It's mostly focused around interest-based communities, and the vast, vast majority of them are not about politics. They're about all kinds of other things. You know very mundane stuff. Like you have a dog or a cat, or you like the White Lotus and you wanna talk about the finale. Or you, you know, you live in a community and you want to talk about the fact that they're building a new McDonald's on like Route Six or whatever.

Yes, in those spaces you'll see people get into spats and you'll see people get into arguments and in those cases, there's usually some community moderation, but generally I think a lot of those communities are really healthy and positive. The moderators put forth like these are the norms.

And I think it's funny, I think some people would say Reddit uplifting, but I think you see the same thing in some Facebook groups as well, um, where you have people who really love, like quilting or I'm in dozens and dozens of Facebook groups on all kinds of weird things.

Like, “I found this weird thing at a thrift store,” or “I found this painting, you know, what can you tell me about it?” And I get such a kick out of seeing people from all these walks of life come together and talk about these various interests. And I do think that. You know, that's the utopian ideal of the internet that I think got us all so into it in the eighties and nineties.

This idea that you can come together with people and talk about things that you care about, even if you don't have anyone in your local immediate community who cares about those same things, and we've seen over and over that, that can be really empowering for people. You know, if you're an LGBTQ person in an area where there aren't that many other LGBTQ people, or if you're a black woman and you're the only black woman at your company, you know, you can get resources and support for that.

If you have an illness that isn't very well understood, you know, you can do community education on that. So, You know, these pockets of the internet, they exist and they're pretty big. And when we just constantly focus on this small minority of people who are on Twitter, you know, yelling at each other about stuff, I think it really overlooks the fact that so much of the internet is already this place of like enjoyment and, you know, hope.

CINDY COHN
Oh, I, that is so right and so good to be reminded of, um, that, that, that it's not that we have to fix the internet, it's that we have to grow the part of the internet  that never got broken. Right. That is fixed. 

JASON KELLEY
Let’s take a quick moment to say thank you to our sponsor.

“How to Fix the Internet” is supported by The Alfred P. Sloan Foundation’s Program in Public Understanding of Science and Technology. Enriching people’s lives through a keener appreciation of our increasingly technological world and portraying the complex humanity of scientists, engineers, and mathematicians.


CINDY COHN
Now back to our conversation with Alice Marwick. In addition to all of her fascinating research on disinformation that we’ve been talking about so far, Alice has also been doing some work on another subject very near and dear to our hearts here at EFF – privacy.
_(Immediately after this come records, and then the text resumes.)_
lemma index_mult_mat_vec_split_first:
  assumes "A \<in> carrier_mat r (Suc p)" "dim_vec y = Suc p" "i < r"
  shows "(A *\<^sub>v y) $ i = A $$ (i,0) * y $ 0 + (\<Sum>m<p. A $$ (i,Suc m) * y $ Suc m)"
  using assms by (simp add: scalar_prod_def atLeast0LessThan sum.lessThan_Suc_shift del: sum.lessThan_Suc)

lemma first_col_of_mult_mat_vec_zero:
  fixes N :: "complex mat"
  assumes N: "N \<in> carrier_mat r (Suc p)" and x: "dim_vec x = Suc p" "x $ 0 \<noteq> 0"
    and Nx: "N *\<^sub>v x = 0\<^sub>v r" and i: "i < r"
  shows "N $$ (i,0) = - (\<Sum>m<p. N $$ (i,Suc m) * x $ Suc m) / x $ 0"
proof -
  have "N $$ (i,0) * x $ 0 + (\<Sum>m<p. N $$ (i,Suc m) * x $ Suc m) = 0"
    using index_mult_mat_vec_split_first[OF N x(1) i] Nx i by simp
  with x(2) show ?thesis by (simp add: field_simps add_eq_0_iff)
qed

lemma Amat_carrier [simp]: "Amat q l \<in> carrier_mat q q"
  by (simp add: Amat_def)

lemma Bmat_carrier [simp]: "Bmat q n \<in> carrier_mat q q"
  by (simp add: Bmat_def)

lemma index_Bmat_mult_first_row:
  assumes "X \<in> carrier_mat (Suc p) c" "j < c"
  shows "(Bmat (Suc p) n * X) $$ (0,j) = X $$ (0,j) - (\<Sum>m<p. X $$ (Suc m,j) / n $ Suc m)"
  using assms by (simp add: index_mult_mat_split_first[OF Bmat_carrier assms(1)])
    (simp add: Bmat_def sum_subtractf[symmetric] sum_negf[symmetric] sum.distrib[symmetric] field_simps)

lemma index_Bmat_mult_Suc_row:
  assumes "X \<in> carrier_mat (Suc p) c" "j < c" "i < p"
  shows "(Bmat (Suc p) n * X) $$ (Suc i,j) = X $$ (Suc i,j)"
  using assms by (simp add: index_mult_mat_split_first[OF Bmat_carrier assms(1)])
    (simp add: Bmat_def if_distrib[where f="\<lambda>x. x * _"] cong: if_cong)
section \<open>The principal value\<close>

text \<open>
  At a point \<open>x\<close> of the half space, \<open>\<eta> x w = x + w\<close> for \<open>norm w < x $ k\<close>; there \<open>w\<close> and
  \<open>-w\<close> are paired, so that the second difference of \<open>f\<close> controls the integrand (\<open>sym_part\<close>).
  On \<open>norm w \<ge> x $ k\<close> the Lipschitz bound is used, and \<open>norm w \<ge> x $ k\<close> produces the factor
  \<open>(x $ k) powr -s\<close> (\<open>far_part\<close>).
\<close>

locale smooth_bump_at = smooth_bump f M L R B for f :: "real^'n::finite \<Rightarrow> real" and M L R B +
  fixes s :: real and k :: 'n and x :: "real^'n"
  assumes s_pos: "0 < s" and s_less_1: "s < 1" and x_pos: "0 < x $ k"
begin

definition sym_part :: "real \<Rightarrow> real^'n \<Rightarrow> real" where
  "sym_part \<epsilon> w = (if \<epsilon> < norm w \<and> norm w < x $ k
     then (f x - (f (x + w) + f (x - w)) / 2) * norm w powr (- (real CARD('n) + 2 * s)) else 0)"

definition far_part :: "real^'n \<Rightarrow> real" where
  "far_part w = (if x $ k \<le> norm w then (f x - f (eta k x w)) * norm w powr (- (real CARD('n) + 2 * s)) else 0)"

lemma sym_part_measurable[measurable]: "sym_part \<epsilon> \<in> borel_measurable borel"
  unfolding sym_part_def[abs_def] by measurable

lemma far_part_measurable[measurable]: "far_part \<in> borel_measurable borel"
  unfolding far_part_def[abs_def] by measurable

lemma sym_part_bound:
  assumes "x $ k \<le> \<rho>"
  shows "\<bar>sym_part \<epsilon> w\<bar> \<le> B / 2 * (indicator (ball 0 \<rho>) w * norm w powr (2 - (real CARD('n) + 2 * s)))"
proof (cases "\<epsilon> < norm w \<and> norm w < x $ k")
  case True
  have "\<bar>f x - (f (x + w) + f (x - w)) / 2\<bar> = \<bar>2 * f x - f (x + w) - f (x - w)\<bar> / 2"
    by (simp add: field_simps)
  also have "\<dots> \<le> B / 2 * (norm w)\<^sup>2"
    using second_difference[of x w] by simp
  finally have second: "\<bar>f x - (f (x + w) + f (x - w)) / 2\<bar> \<le> B / 2 * (norm w)\<^sup>2" .
  have "\<bar>sym_part \<epsilon> w\<bar> = \<bar>f x - (f (x + w) + f (x - w)) / 2\<bar> * norm w powr (- (real CARD('n) + 2 * s))"
    using True by (simp add: sym_part_def abs_mult)
  also have "\<dots> \<le> B / 2 * (norm w)\<^sup>2 * norm w powr (- (real CARD('n) + 2 * s))"
    using second by (rule mult_right_mono) simp
  also have "\<dots> = B / 2 * norm w powr (2 - (real CARD('n) + 2 * s))"
    by (simp only: mult.assoc norm_sq_mult_powr)
  finally show ?thesis
    using True assms by (simp add: indicator_def)
next
  case False
  then have "sym_part \<epsilon> w = 0"
    unfolding sym_part_def by (simp only: if_False)
  then show ?thesis
    using B_nonneg by simp
qed

lemma integrable_ball_powr_two_minus:
  "integrable lborel (\<lambda>w::real^'n. indicator (ball 0 \<rho>) w * norm w powr (2 - (real CARD('n) + 2 * s)))"
  using s_less_1 by (intro integrable_ball_norm_powr) simp

lemma integrable_sym_part: "integrable lborel (sym_part \<epsilon>)"
proof (rule Bochner_Integration.integrable_bound)
  show "integrable lborel (\<lambda>w::real^'n. B / 2 * (indicator (ball 0 (x $ k)) w * norm w powr (2 - (real CARD('n) + 2 * s))))"
    by (rule integrable_mult_right) (rule integrable_ball_powr_two_minus)
  show "AE w in lborel. norm (sym_part \<epsilon> w) \<le> norm (B / 2 * (indicator (ball 0 (x $ k)) w * norm w powr (2 - (real CARD('n) + 2 * s))))"
    using sym_part_bound[OF order_refl] B_nonneg by (intro AE_I2) (simp add: abs_mult)
qed simp

lemma far_part_bound:
  "\<bar>far_part w\<bar> \<le> (L * (x $ k) powr (- s) + 2 * M) * powr_weight (1 - s - real CARD('n)) (- (real CARD('n) + 2 * s)) w"
proof (cases "x $ k \<le> norm w")
  case True
  have w: "norm w > 0" using True x_pos by linarith
  have "\<bar>f x - f (eta k x w)\<bar> \<le> L * norm (x - eta k x w)"
    by (rule lipschitz)
  also have "\<dots> \<le> L * norm w"
    using norm_eta_diff_le[OF x_pos, of w] L_nonneg by (intro mult_left_mono) (simp_all add: norm_minus_commute)
  finally have lip: "\<bar>f x - f (eta k x w)\<bar> \<le> L * norm w" .
  have far: "\<bar>far_part w\<bar> = \<bar>f x - f (eta k x w)\<bar> * norm w powr (- (real CARD('n) + 2 * s))"
    using True by (simp add: far_part_def abs_mult)
  have coeff: "L * (x $ k) powr (- s) \<le> L * (x $ k) powr (- s) + 2 * M" "2 * M \<le> L * (x $ k) powr (- s) + 2 * M"
    using L_nonneg M_nonneg by auto
  show ?thesis
  proof (cases "norm w < 1")
    case small: True
    have "\<bar>far_part w\<bar> \<le> L * norm w * norm w powr (- (real CARD('n) + 2 * s))"
      unfolding far using lip by (rule mult_right_mono) simp
    also have "\<dots> = L * (norm w powr (- s) * norm w powr (1 - s - real CARD('n)))"
      using w by (simp add: powr_add[symmetric] powr_mult_base) (simp add: algebra_simps)
    also have "\<dots> \<le> L * ((x $ k) powr (- s) * norm w powr (1 - s - real CARD('n)))"
      using True x_pos s_pos L_nonneg by (intro mult_left_mono mult_right_mono powr_mono2') auto
    also have "\<dots> \<le> (L * (x $ k) powr (- s) + 2 * M) * norm w powr (1 - s - real CARD('n))"
      unfolding mult.assoc[symmetric] using coeff(1) by (rule mult_right_mono) simp
    finally show ?thesis using small by (simp add: powr_weight_def)
  next
    case False
    have "\<bar>far_part w\<bar> \<le> 2 * M * norm w powr (- (real CARD('n) + 2 * s))"
      unfolding far using diff_bounded by (rule mult_right_mono) simp
    also have "\<dots> \<le> (L * (x $ k) powr (- s) + 2 * M) * norm w powr (- (real CARD('n) + 2 * s))"
      using coeff(2) by (rule mult_right_mono) simp
    finally show ?thesis using False by (simp add: powr_weight_def)
  qed
next
  case False
  then show ?thesis
    using L_nonneg M_nonneg by (simp add: far_part_def powr_weight_nonneg)
qed

lemma integrable_far_weight:
  "integrable lborel (powr_weight (1 - s - real CARD('n)) (- (real CARD('n) + 2 * s)) :: real^'n \<Rightarrow> real)"
  using s_pos s_less_1 by (intro integrable_powr_weight) auto

lemma integrable_far_part: "integrable lborel far_part"
proof (rule Bochner_Integration.integrable_bound)
  show "integrable lborel (\<lambda>w. (L * (x $ k) powr (- s) + 2 * M) * powr_weight (1 - s - real CARD('n)) (- (real CARD('n) + 2 * s)) (w::real^'n))"
    by (rule integrable_mult_right) (rule integrable_far_weight)
  show "AE w in lborel. norm (far_part w) \<le> norm ((L * (x $ k) powr (- s) + 2 * M) * powr_weight (1 - s - real CARD('n)) (- (real CARD('n) + 2 * s)) w)"
    using far_part_bound L_nonneg M_nonneg by (intro AE_I2) (simp add: abs_mult powr_weight_nonneg)
qed simp

lemma trunc_frac_lap_split:
  assumes \<epsilon>: "0 < \<epsilon>" "\<epsilon> < x $ k"
  shows "trunc_frac_lap s k f \<epsilon> x = (\<integral>w. sym_part \<epsilon> w \<partial>lborel) + (\<integral>w. far_part w \<partial>lborel)"
proof -
  define near where "near w = (if \<epsilon> < norm w \<and> norm w < x $ k
    then (f x - f (x + w)) * norm w powr (- (real CARD('n) + 2 * s)) else 0)" for w :: "real^'n"
  have [measurable]: "near \<in> borel_measurable borel"
    unfolding near_def[abs_def] by measurable
  have int_near: "integrable lborel near"
  proof (rule Bochner_Integration.integrable_bound)
    show "integrable lborel (\<lambda>w. 2 * M * cutoff_powr (real CARD('n) + 2 * s) \<epsilon> (w::real^'n))"
      using s_pos \<epsilon> by (intro integrable_mult_right integrable_cutoff_powr) auto
    show "AE w in lborel. norm (near w) \<le> norm (2 * M * cutoff_powr (real CARD('n) + 2 * s) \<epsilon> w)"
    proof (intro AE_I2)
      fix w :: "real^'n"
      have "\<bar>near w\<bar> \<le> \<bar>f x - f (x + w)\<bar> * cutoff_powr (real CARD('n) + 2 * s) \<epsilon> w"
        by (simp add: near_def cutoff_powr_def abs_mult)
      also have "\<dots> \<le> 2 * M * cutoff_powr (real CARD('n) + 2 * s) \<epsilon> w"
        using diff_bounded by (rule mult_right_mono) (simp add: cutoff_powr_nonneg)
      finally show "norm (near w) \<le> norm (2 * M * cutoff_powr (real CARD('n) + 2 * s) \<epsilon> w)"
        by simp
    qed
  qed simp
  have "trunc_frac_lap s k f \<epsilon> x = (\<integral>w. near w + far_part w \<partial>lborel)"
    unfolding trunc_frac_lap_eq_integral_cutoff
    by (intro Bochner_Integration.integral_cong)
       (use \<epsilon> in \<open>auto simp: near_def far_part_def cutoff_powr_def eta_eq_add\<close>)
  also have "\<dots> = (\<integral>w. near w \<partial>lborel) + (\<integral>w. far_part w \<partial>lborel)"
    by (rule Bochner_Integration.integral_add[OF int_near integrable_far_part])
  also have "(\<integral>w. near w \<partial>lborel) = (\<integral>w. sym_part \<epsilon> w \<partial>lborel)"
  proof -
    have int_near_minus: "integrable lborel (\<lambda>w. near (- w))"
      using int_near by (simp add: lborel_integrable_invariant_iff[OF _ lborel_distr_uminus_euclidean])
    have "(\<integral>w. sym_part \<epsilon> w \<partial>lborel) = (\<integral>w. (near w + near (- w)) / 2 \<partial>lborel)"
      by (intro Bochner_Integration.integral_cong) (auto simp: sym_part_def near_def field_simps)
    also have "\<dots> = ((\<integral>w. near w \<partial>lborel) + (\<integral>w. near (- w) \<partial>lborel)) / 2"
      using int_near int_near_minus by simp
    also have "(\<integral>w. near (- w) \<partial>lborel) = (\<integral>w. near w \<partial>lborel)"
      by (simp add: lborel_integral_invariant[OF _ lborel_distr_uminus_euclidean])
    finally show ?thesis by simp
  qed
  finally show ?thesis .
qed

lemma sym_part_integral_tendsto:
  "((\<lambda>\<epsilon>. \<integral>w. sym_part \<epsilon> w \<partial>lborel) \<longlongrightarrow> (\<integral>w. sym_part 0 w \<partial>lborel)) (at_right 0)"
proof (rule integral_dominated_convergence_at_right)
  show "integrable lborel (\<lambda>w::real^'n. B / 2 * (indicator (ball 0 (x $ k)) w * norm w powr (2 - (real CARD('n) + 2 * s))))"
    by (rule integrable_mult_right) (rule integrable_ball_powr_two_minus)
  show "\<bar>sym_part \<epsilon> w\<bar> \<le> B / 2 * (indicator (ball 0 (x $ k)) w * norm w powr (2 - (real CARD('n) + 2 * s)))" for \<epsilon> w
    by (rule sym_part_bound) simp
  show "((\<lambda>\<epsilon>. sym_part \<epsilon> w) \<longlongrightarrow> sym_part 0 w) (at_right 0)" for w
  proof (rule tendsto_eventually)
    have "\<forall>\<^sub>F \<epsilon> in at_right 0. 0 < \<epsilon> \<and> (w \<noteq> 0 \<longrightarrow> \<epsilon> < norm w)"
    proof (cases "w = 0")
      case False
      then show ?thesis
        using eventually_at_right_real[of 0 "norm w"] by (simp add: eventually_mono)
    qed (simp add: eventually_at_right_less)
    then show "\<forall>\<^sub>F \<epsilon> in at_right 0. sym_part \<epsilon> w = sym_part 0 w"
      by eventually_elim (auto simp: sym_part_def)
  qed
qed simp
Alice has a new book coming out in May 2023 called The Private is Political – so of course we couldn’t let her go without talking about that. 

ALICE MARWICK
I wanted to look at how you can't individually control privacy anymore because all of our privacy is networked because of social media and big data. We share information about each other, information about us as collected by all kinds of entities.

You know, you can configure your privacy settings till the cows come home, but it's not gonna change whether your photo gets swept up in, you know, some AI that then uses it for other kinds of purposes. And the second thing is to think about privacy as a political issue that has big impacts on everyone's lives, especially people who are marginalized in other areas.

I interviewed, oh, people from all kinds of places and spaces with all sorts of identities, and there's this really big misconception that people don't care about privacy. But people care very deeply about privacy and the way that they. Show that care  manifest in like so many different kinds of creative ways.

And so I'm hoping, I'm looking forward to sharing the stories of the people I spoke with.

CINDY COHN
That's great. Can you tell us one or I, I don't wanna spoil it, but -

ALICE MARWICK
Yeah, no. So I spoke with Jazz in North Carolina. These are all pseudonyms. And Jazz is an atheist, gender queer person, and they come from a pretty conservative Southern Baptist family and they're also homeless. They have a child who lives with their sister and they get a little bit of help from their family, like, not a lot, but enough that it can make the difference between whether they get by or not.

So what they did is they created two completely different sets of internet accounts. They have two Facebooks, two Twitters, two email addresses. Everything is different and it's completely firewalled. So on one, they use their preferred name and their pronouns. On the other, they use the pronouns they were assigned at birth and the name that their oarents gave them. And so the contrast between the two was just extreme. And so  Jazz said that they feel like their real, their Facebook page that really reflects them, that's their “me” page. That's where they can be who they really are because they have to kind of cover up who they are in so many other areas of their lives.

So they get this sort of big kick out of having this space on the internet where they can be like fiery and they can talk about politics and gender and things that they care about, but they have a lot to lose if the, if that, you know, seeps into their other life. So they have to be really cognizant of things like who does Facebook recommend that you friend, you know, who might see my other email address, who might do a Google search for my name?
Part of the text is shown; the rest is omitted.